Entries supplied START

lemma affine_comb_eq:
  assumes "sum \<mu> X = 1"
  shows "a \<bullet> (\<Sum>s\<in>X. \<mu> s *\<^sub>R s) + b = (\<Sum>s\<in>X. \<mu> s * (a \<bullet> s + b))"
proof -
  have "a \<bullet> (\<Sum>s\<in>X. \<mu> s *\<^sub>R s) + b = (\<Sum>s\<in>X. \<mu> s * (a \<bullet> s)) + (\<Sum>s\<in>X. \<mu> s) * b"
    using assms by (simp add: inner_sum_right)
  also have "\<dots> = (\<Sum>s\<in>X. \<mu> s * (a \<bullet> s + b))"
    by (simp add: distrib_left sum.distrib sum_distrib_right)
  finally show ?thesis .
qed

lemma affine_interpolation:
  fixes S :: "(real^'n::finite) set"
  assumes "\<not> affine_dependent S"
  shows "\<exists>a b. \<forall>s\<in>S. a \<bullet> s + b = \<phi> s"
proof (cases "S = {}")
  case True then show ?thesis by auto
next
  case False
  then obtain s0 where s0: "s0 \<in> S" by auto
  define B where "B = (\<lambda>x. -s0 + x) ` (S - {s0})"
  have "\<not> dependent B"
    using affine_dependent_iff_dependent2[OF s0] assms by (simp add: B_def)
  from linear_independent_extend[OF this, of "\<lambda>y. \<phi> (s0 + y) - \<phi> s0"]
  obtain g where g: "linear g" "\<And>y. y \<in> B \<Longrightarrow> g y = \<phi> (s0 + y) - \<phi> s0"
    by blast
  define a where "a = (\<Sum>i\<in>Basis. g i *\<^sub>R i)"
  have ga: "g x = a \<bullet> x" for x
  proof -
    have "g x = (\<Sum>i\<in>Basis. x \<bullet> i * (g i \<bullet> 1))"
      using Linear_Algebra.linear_componentwise[OF g(1), of x 1] by simp
    also have "\<dots> = a \<bullet> x"
      unfolding a_def inner_sum_left by (simp add: inner_commute mult.commute)
    finally show ?thesis .
  qed
  have "a \<bullet> s + (\<phi> s0 - a \<bullet> s0) = \<phi> s" if "s \<in> S" for s
  proof (cases "s = s0")
    case False
    then have "-s0 + s \<in> B" using that by (auto simp: B_def)
    then have "g (-s0 + s) = \<phi> s - \<phi> s0" using g(2) by simp
    then show ?thesis by (simp add: ga inner_diff_right)
  qed simp
  then show ?thesis by blast
qed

Entries supplied END

Assignment :: In the entries above, the lines between the one holding "obtain g where" and the one holding "g(2) by simp", inclusive, are to be printed exactly as written, and those alone.

Solved problem ::
  obtain g where g: "linear g" "\<And>y. y \<in> B \<Longrightarrow> g y = \<phi> (s0 + y) - \<phi> s0"
    by blast
  define a where "a = (\<Sum>i\<in>Basis. g i *\<^sub>R i)"
  have ga: "g x = a \<bullet> x" for x
  proof -
    have "g x = (\<Sum>i\<in>Basis. x \<bullet> i * (g i \<bullet> 1))"
      using Linear_Algebra.linear_componentwise[OF g(1), of x 1] by simp
    also have "\<dots> = a \<bullet> x"
      unfolding a_def inner_sum_left by (simp add: inner_commute mult.commute)
    finally show ?thesis .
  qed
  have "a \<bullet> s + (\<phi> s0 - a \<bullet> s0) = \<phi> s" if "s \<in> S" for s
  proof (cases "s = s0")
    case False
    then have "-s0 + s \<in> B" using that by (auto simp: B_def)
    then have "g (-s0 + s) = \<phi> s - \<phi> s0" using g(2) by simp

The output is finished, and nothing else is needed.